AST nodes directly capture all semantically relevant aspects of the source code. In many regards the type hierarchy below org.eclipse.jdt.internal.compiler.ast.ASTNode corresponds to the standard approach in compiler construction.
Contents
Traversing the tree
- Three main compiler phases are implemented with explicit traversals below these methods of class CompilationUnitDeclaration:
- resolve()
- analyseCode()
- generateCode()
- For various smaller tasks the visitor pattern is used, see
- class
org.eclipse.jdt.internal.compiler.ASTVisitor - method ASTNode.traverse(ASTVisitor, BlockScope), plus variants for other scope types
- class
Special encodings
Throughout all AST classes, source positions are recorded as linear text indices.
- Fields sourceStart and sourceEnd typically hold the start and end of that region that should be highlighted if an error(/warning/info) has been detected concerning a given AST node.
- Complex nodes have more locations, like bodyStart, bodyEnd etc.
- In some cases, a pair of start & end position is encoded in a single long variable.
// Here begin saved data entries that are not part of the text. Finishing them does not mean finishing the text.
(* Let $q$ be a prime power and $g\ge1$ a fixed integer. Information packets are partitioned into $n$ disjoint generations each of size $g$. At each transmission (over a perfect channel) the source independently chooses one generation uniformly at random (probability $1/n$ each) and sends a linear combination of its packets with coefficient vector drawn uniformly from $GF(q)^{g}$; decoding fails after $t$ received coded packets if some generation has not yet received $g$ linearly independent coefficient vectors. Then, as $n\to\infty$, the probability of decoding failure when $t$ coded packets have been collected is greater than \[ 1-\exp\Bigl[-\frac{1}{(g-1)!}\,n(\log n)^{g-1}\exp\Bigl(-\frac{t}{n}\Bigr)\Bigr]+\mathcal{O}\Bigl(\frac{\log\log n}{\log n}\Bigr). \] *)

theory Defs
  imports "HOL-Probability.Probability_Mass_Function" "HOL-Library.Landau_Symbols"
begin

text \<open>Coefficient vectors in GF(q)^g are represented as extensional functions
  on the index set {..<g}, with values in a finite field type 'a (|'a| = q).\<close>

definition coeff_space :: "nat \<Rightarrow> (nat \<Rightarrow> 'a::{field,finite}) set" where
  "coeff_space g = PiE {..<g} (\<lambda>_. UNIV)"

definition packet_pmf :: "nat \<Rightarrow> nat \<Rightarrow> (nat \<times> (nat \<Rightarrow> 'a::{field,finite})) pmf" where
  "packet_pmf n g = pair_pmf (pmf_of_set {..<n}) (pmf_of_set (coeff_space g))"

definition packets_pmf :: "nat \<Rightarrow> nat \<Rightarrow> nat \<Rightarrow> (nat \<times> (nat \<Rightarrow> 'a::{field,finite})) list pmf" where
  "packets_pmf n g t = replicate_pmf t (packet_pmf n g)"

definition lin_indep_vecs :: "nat \<Rightarrow> (nat \<Rightarrow> 'a::field) list \<Rightarrow> bool" where
  "lin_indep_vecs g vs \<longleftrightarrow>
     (\<forall>c :: nat \<Rightarrow> 'a. (\<forall>k<g. (\<Sum>j<length vs. c j * (vs ! j) k) = 0) \<longrightarrow> (\<forall>j<length vs. c j = 0))"

definition gen_decodable :: "nat \<Rightarrow> nat \<Rightarrow> (nat \<times> (nat \<Rightarrow> 'a::field)) list \<Rightarrow> bool" where
  "gen_decodable g i xs \<longleftrightarrow>
     (\<exists>js. length js = g \<and> distinct js \<and> (\<forall>j\<in>set js. j < length xs \<and> fst (xs ! j) = i)
          \<and> lin_indep_vecs g (map (\<lambda>j. snd (xs ! j)) js))"

definition decoding_fails :: "nat \<Rightarrow> nat \<Rightarrow> (nat \<times> (nat \<Rightarrow> 'a::field)) list \<Rightarrow> bool" where
  "decoding_fails n g xs \<longleftrightarrow> (\<exists>i<n. \<not> gen_decodable g i xs)"

end

theory Submission
  imports Defs "HOL-Real_Asymp.Real_Asymp"
begin

text \<open>
  The event that every one of the \<open>n\<close> generations receives at least \<open>g\<close> of
  the \<open>t\<close> packets is negatively dependent: its probability is at most \<open>Q\<^sup>n\<close>, where
  \<open>Q = P(Bin(t, 1/n) \<ge> g)\<close>, by induction on \<open>t\<close> using a first-order expansion of the product.
  Hence the failure probability is at least \<open>1 - exp(-n s)\<close> for \<open>s = P(Bin(t, 1/n) = k)\<close>, any
  \<open>k < g\<close>. For \<open>k = g - 1\<close> and \<open>t/n\<close> between \<open>(ln n)/2\<close> and \<open>ln n + O(ln ln n)\<close>, the quantity
  \<open>n s\<close> equals the exponent \<open>x = n (ln n)\<^bsup>g-1\<^esup> e\<^bsup>-t/n\<^esup> / (g-1)!\<close> of the theorem up to a factor
  \<open>1 - O(ln ln n / ln n)\<close>, and \<open>exp(-(1 - e) x) \<le> exp(-x) + e\<close> uniformly in \<open>x\<close>. For fewer
  packets \<open>k = 0\<close> already gives failure with probability \<open>1 - 1/ln n\<close>, for more packets \<open>x\<close>
  is negligible, and where \<open>x\<close> is large the cruder bound \<open>n s \<ge> ln ln n\<close> suffices.
\<close>

lemma measure_bind_pmf:
  "measure_pmf.prob (bind_pmf M f) A = (\<integral>x. measure_pmf.prob (f x) A \<partial>M)"
  unfolding measure_pmf_bind
  by (subst measure_pmf.measure_bind[where N="count_space UNIV"])
     (auto simp: space_subprob_algebra subprob_space_measure_pmf)

lemma measure_bind_pmf_of_set:
  assumes "finite S" "S \<noteq> {}"
  shows "measure_pmf.prob (bind_pmf (pmf_of_set S) f) A = (\<Sum>x\<in>S. measure_pmf.prob (f x) A) / card S"
  using assms by (simp add: measure_bind_pmf integral_pmf_of_set)

lemma map_replicate_pmf: "map_pmf (map f) (replicate_pmf t p) = replicate_pmf t (map_pmf f p)"
proof (induction t)
  case (Suc t)
  have "map_pmf ((#) (f x)) (replicate_pmf t (map_pmf f p)) = map_pmf (\<lambda>xs. f x # map f xs) (replicate_pmf t p)" for x
    by (simp add: Suc.IH[symmetric] map_pmf_comp)
  then show ?case
    by (simp add: map_bind_pmf bind_map_pmf map_pmf_def[symmetric] bind_return_pmf map_pmf_comp)
qed simp

definition binomial_tail :: "real \<Rightarrow> nat \<Rightarrow> nat \<Rightarrow> real" where
  "binomial_tail p t a = measure_pmf.prob (binomial_pmf t p) {a..}"

lemma binomial_tail_Suc:
  assumes "p \<in> {0..1}"
  shows "binomial_tail p (Suc t) a = p * binomial_tail p t (a - 1) + (1 - p) * binomial_tail p t a"
proof -
  have "binomial_pmf (Suc t) p =
      bind_pmf (bernoulli_pmf p) (\<lambda>b. map_pmf (\<lambda>k. (if b then 1 else 0) + k) (binomial_pmf t p))"
    using binomial_pmf_Suc[OF assms] by (simp add: map_pmf_def)
  then have "binomial_tail p (Suc t) a =
      measure_pmf.prob (binomial_pmf t p) ((+) 1 -` {a..}) * p
      + measure_pmf.prob (binomial_pmf t p) ((+) 0 -` {a..}) * (1 - p)"
    using assms unfolding binomial_tail_def by (simp only: measure_bind_pmf measure_map_pmf) simp
  moreover have "(+) 1 -` {a..} = {a - 1..}" "(+) 0 -` {a..} = {a..}" by auto
  ultimately show ?thesis
    unfolding binomial_tail_def by (simp add: mult.commute)
qed

lemma binomial_tail_0: "p \<in> {0..1} \<Longrightarrow> binomial_tail p 0 a = (if a = 0 then 1 else 0)"
  by (simp add: binomial_tail_def binomial_pmf_0)

lemma binomial_tail_antimono: "a \<le> b \<Longrightarrow> binomial_tail p t b \<le> binomial_tail p t a"
  unfolding binomial_tail_def by (intro measure_pmf.finite_measure_mono) auto

lemma pmf_binomial_le_one_minus_binomial_tail:
  assumes "k < a"
  shows "pmf (binomial_pmf t p) k \<le> 1 - binomial_tail p t a"
proof -
  have "pmf (binomial_pmf t p) k \<le> measure_pmf.prob (binomial_pmf t p) (- {a..})"
    using assms unfolding measure_pmf_single[symmetric] by (intro measure_pmf.finite_measure_mono) auto
  then show ?thesis
    unfolding binomial_tail_def by (simp add: measure_pmf.prob_compl[symmetric] Compl_eq_Diff_UNIV)
qed

lemma prod_plus_sum_le_prod_add:
  fixes q b :: "'a \<Rightarrow> real"
  assumes "finite I" "\<And>i. i \<in> I \<Longrightarrow> 0 \<le> q i" "\<And>i. i \<in> I \<Longrightarrow> 0 \<le> b i"
  shows "(\<Prod>i\<in>I. q i) + (\<Sum>i\<in>I. b i * (\<Prod>j\<in>I-{i}. q j)) \<le> (\<Prod>i\<in>I. q i + b i)"
  using assms
proof (induction I rule: finite_induct)
  case (insert a I)
  have sum_insert: "(\<Sum>i\<in>I. b i * (\<Prod>j\<in>insert a I - {i}. q j)) = q a * (\<Sum>i\<in>I. b i * (\<Prod>j\<in>I - {i}. q j))"
    unfolding sum_distrib_left
  proof (rule sum.cong)
    fix i assume "i \<in> I"
    then have "insert a I - {i} = insert a (I - {i})" "a \<notin> I - {i}" using insert by auto
    then show "b i * (\<Prod>j\<in>insert a I - {i}. q j) = q a * (b i * (\<Prod>j\<in>I - {i}. q j))"
      using insert by simp
  qed simp
  have "(\<Prod>i\<in>insert a I. q i) + (\<Sum>i\<in>insert a I. b i * (\<Prod>j\<in>insert a I - {i}. q j))
      = q a * ((\<Prod>i\<in>I. q i) + (\<Sum>i\<in>I. b i * (\<Prod>j\<in>I - {i}. q j))) + b a * (\<Prod>i\<in>I. q i)"
    using insert sum_insert by (simp add: algebra_simps insert_Diff_if)
  also have "\<dots> \<le> q a * (\<Prod>i\<in>I. q i + b i) + b a * (\<Prod>i\<in>I. q i + b i)"
    using insert by (intro add_mono mult_left_mono prod_mono) (auto intro: prod_nonneg)
  also have "\<dots> = (\<Prod>i\<in>insert a I. q i + b i)"
    using insert by (simp add: algebra_simps)
  finally show ?case .
qed simp

definition counts_ge_prob :: "nat \<Rightarrow> nat \<Rightarrow> (nat \<Rightarrow> nat) \<Rightarrow> real" where
  "counts_ge_prob n t r =
     measure_pmf.prob (replicate_pmf t (pmf_of_set {..<n})) {ws. \<forall>i<n. r i \<le> count (mset ws) i}"

lemma counts_ge_prob_Suc:
  assumes "n \<ge> 1"
  shows "counts_ge_prob n (Suc t) r = (\<Sum>i<n. counts_ge_prob n t (r(i := r i - 1))) / n"
proof -
  have "(#) i -` {ws. \<forall>j<n. r j \<le> count (mset ws) j} = {ws. \<forall>j<n. (r(i := r i - 1)) j \<le> count (mset ws) j}"
    if "i < n" for i
    using that by auto
  moreover have "replicate_pmf (Suc t) p = bind_pmf p (\<lambda>x. map_pmf ((#) x) (replicate_pmf t p))" for p :: "nat pmf"
    by (simp add: map_pmf_def)
  ultimately show ?thesis
    using assms unfolding counts_ge_prob_def
    by (simp add: measure_bind_pmf_of_set lessThan_empty_iff)
qed

lemma counts_ge_prob_le_prod_binomial_tail:
  assumes "n \<ge> 1"
  shows "counts_ge_prob n t r \<le> (\<Prod>i<n. binomial_tail (1 / n) t (r i))"
proof (induction t arbitrary: r)
  case 0
  show ?case
  proof (cases "\<forall>i<n. r i = 0")
    case False
    then have "counts_ge_prob n 0 r = 0"
      by (auto simp: counts_ge_prob_def)
    then show ?thesis
      using assms by (simp add: binomial_tail_0 prod_nonneg)
  qed (simp add: counts_ge_prob_def binomial_tail_0)
next
  case (Suc t)
  have p: "1 / real n \<in> {0..1}" using assms by simp
  let ?T = "binomial_tail (1 / n) t"
  define q where "q j = ?T (r j)" for j
  define b where "b j = (?T (r j - 1) - q j) / n" for j
  have b_nonneg: "0 \<le> b j" for j
    unfolding b_def q_def by (simp add: binomial_tail_antimono)
  have q_nonneg: "0 \<le> q j" for j
    unfolding q_def binomial_tail_def by simp
  have remove: "(\<Prod>j<n. f j) = f i * (\<Prod>j\<in>{..<n} - {i}. f j)" if "i < n" for i and f :: "nat \<Rightarrow> real"
    using that by (subst prod.remove[of _ i]) auto
  have "counts_ge_prob n (Suc t) r = (\<Sum>i<n. counts_ge_prob n t (r(i := r i - 1))) / n"
    by (rule counts_ge_prob_Suc[OF assms])
  also have "\<dots> \<le> (\<Sum>i<n. ?T (r i - 1) * (\<Prod>j\<in>{..<n} - {i}. q j)) / n"
  proof (intro divide_right_mono sum_mono)
    fix i assume "i \<in> {..<n}"
    then have "(\<Prod>j<n. ?T ((r(i := r i - 1)) j)) = ?T (r i - 1) * (\<Prod>j\<in>{..<n} - {i}. q j)"
      by (simp add: remove q_def)
    then show "counts_ge_prob n t (r(i := r i - 1)) \<le> ?T (r i - 1) * (\<Prod>j\<in>{..<n} - {i}. q j)"
      using Suc.IH[of "r(i := r i - 1)"] by (simp add: fun_upd_def)
  qed simp
  also have "\<dots> = (\<Prod>j<n. q j) + (\<Sum>i<n. b i * (\<Prod>j\<in>{..<n} - {i}. q j))"
  proof -
    have "(\<Sum>i<n. ?T (r i - 1) * (\<Prod>j\<in>{..<n} - {i}. q j))
        = (\<Sum>i<n. (\<Prod>j<n. q j) + n * (b i * (\<Prod>j\<in>{..<n} - {i}. q j)))"
      using assms by (intro sum.cong) (auto simp: b_def remove[of _ q] field_simps)
    then show ?thesis
      using assms by (simp add: sum.distrib sum_distrib_left[symmetric] field_simps)
  qed
  also have "\<dots> \<le> (\<Prod>j<n. q j + b j)"
    using q_nonneg b_nonneg by (intro prod_plus_sum_le_prod_add) auto
  also have "\<dots> = (\<Prod>i<n. binomial_tail (1 / n) (Suc t) (r i))"
    using assms by (intro prod.cong) (auto simp: binomial_tail_Suc[OF p] q_def b_def field_simps)
  finally show ?case .
qed

lemma gen_decodable_imp_count_ge:
  assumes "gen_decodable g i xs"
  shows "g \<le> count (mset (map fst xs)) i"
proof -
  obtain js where js: "length js = g" "distinct js" "\<forall>j\<in>set js. j < length xs \<and> fst (xs ! j) = i"
    using assms unfolding gen_decodable_def by blast
  have "g = card (set js)"
    using js by (simp add: distinct_card)
  also have "\<dots> \<le> card {j. j < length xs \<and> fst (xs ! j) = i}"
    using js by (intro card_mono) auto
  also have "\<dots> = length (filter (\<lambda>x. fst x = i) xs)"
    by (simp add: length_filter_conv_card)
  also have "\<dots> = count (mset (map fst xs)) i"
    by (induction xs) auto
  finally show ?thesis .
qed

lemma prob_decoding_fails_ge:
  assumes "n \<ge> 1"
  shows "1 - binomial_tail (1 / n) t g ^ n \<le>
    measure_pmf.prob (packets_pmf n g t :: (nat \<times> (nat \<Rightarrow> 'a::{field,finite})) list pmf)
      {xs. decoding_fails n g xs}"
proof -
  let ?M = "packets_pmf n g t :: (nat \<times> (nat \<Rightarrow> 'a)) list pmf"
  let ?A = "{xs. \<forall>i<n. g \<le> count (mset (map fst xs)) i}"
  have generations: "map_pmf (map fst) ?M = replicate_pmf t (pmf_of_set {..<n})"
    unfolding packets_pmf_def packet_pmf_def by (simp add: map_replicate_pmf map_fst_pair_pmf)
  have "measure_pmf.prob ?M ?A =
      measure_pmf.prob (map_pmf (map fst) ?M) {ws. \<forall>i<n. g \<le> count (mset ws) i}"
    by (simp only: measure_map_pmf vimage_Collect_eq)
  also have "\<dots> = counts_ge_prob n t (\<lambda>_. g)"
    unfolding counts_ge_prob_def generations ..
  also have "\<dots> \<le> binomial_tail (1 / n) t g ^ n"
    using counts_ge_prob_le_prod_binomial_tail[OF assms, of t "\<lambda>_. g"] by simp
  finally have "1 - binomial_tail (1 / n) t g ^ n \<le> measure_pmf.prob ?M (- ?A)"
    using measure_pmf.prob_compl[of ?A ?M] by (simp add: Compl_eq_Diff_UNIV)
  also have "\<dots> \<le> measure_pmf.prob ?M {xs. decoding_fails n g xs}"
  proof (rule measure_pmf.finite_measure_mono)
    show "- ?A \<subseteq> {xs. decoding_fails n g xs}"
      unfolding decoding_fails_def using gen_decodable_imp_count_ge by (force simp: not_le)
  qed simp
  finally show ?thesis .
qed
This is used specifically where a list of positions is needed, like QualifiedTypeReference.sourcePositions (encoding the position of each text segment).
- To create the long value, use
(((long) start) << 32) + end - To extract the start position use
(int) (position>>>32) - To extract the end position use
(int) position
- To create the long value, use
The field ASTNode.bits is used as a bitset. Unfortunately the use of bits in this vector is quite crowded, some bits are used with different semantics in different kinds of nodes. See class ASTNode for constants and their terse documentation.
- Some flags are set right during parsing, like
IsDiamond - Other flags store information gathered throughout compilation.
- Bits in
ParenthesizedMASKencode the number of enclosing pairs of parentheses, so that no AST node ParenthesizedExpression is needed. - Flags
HasAllMethodBodies,HasBeenResolvedandHasBeenGeneratedremember whether a given compilation step has already been performed for this node.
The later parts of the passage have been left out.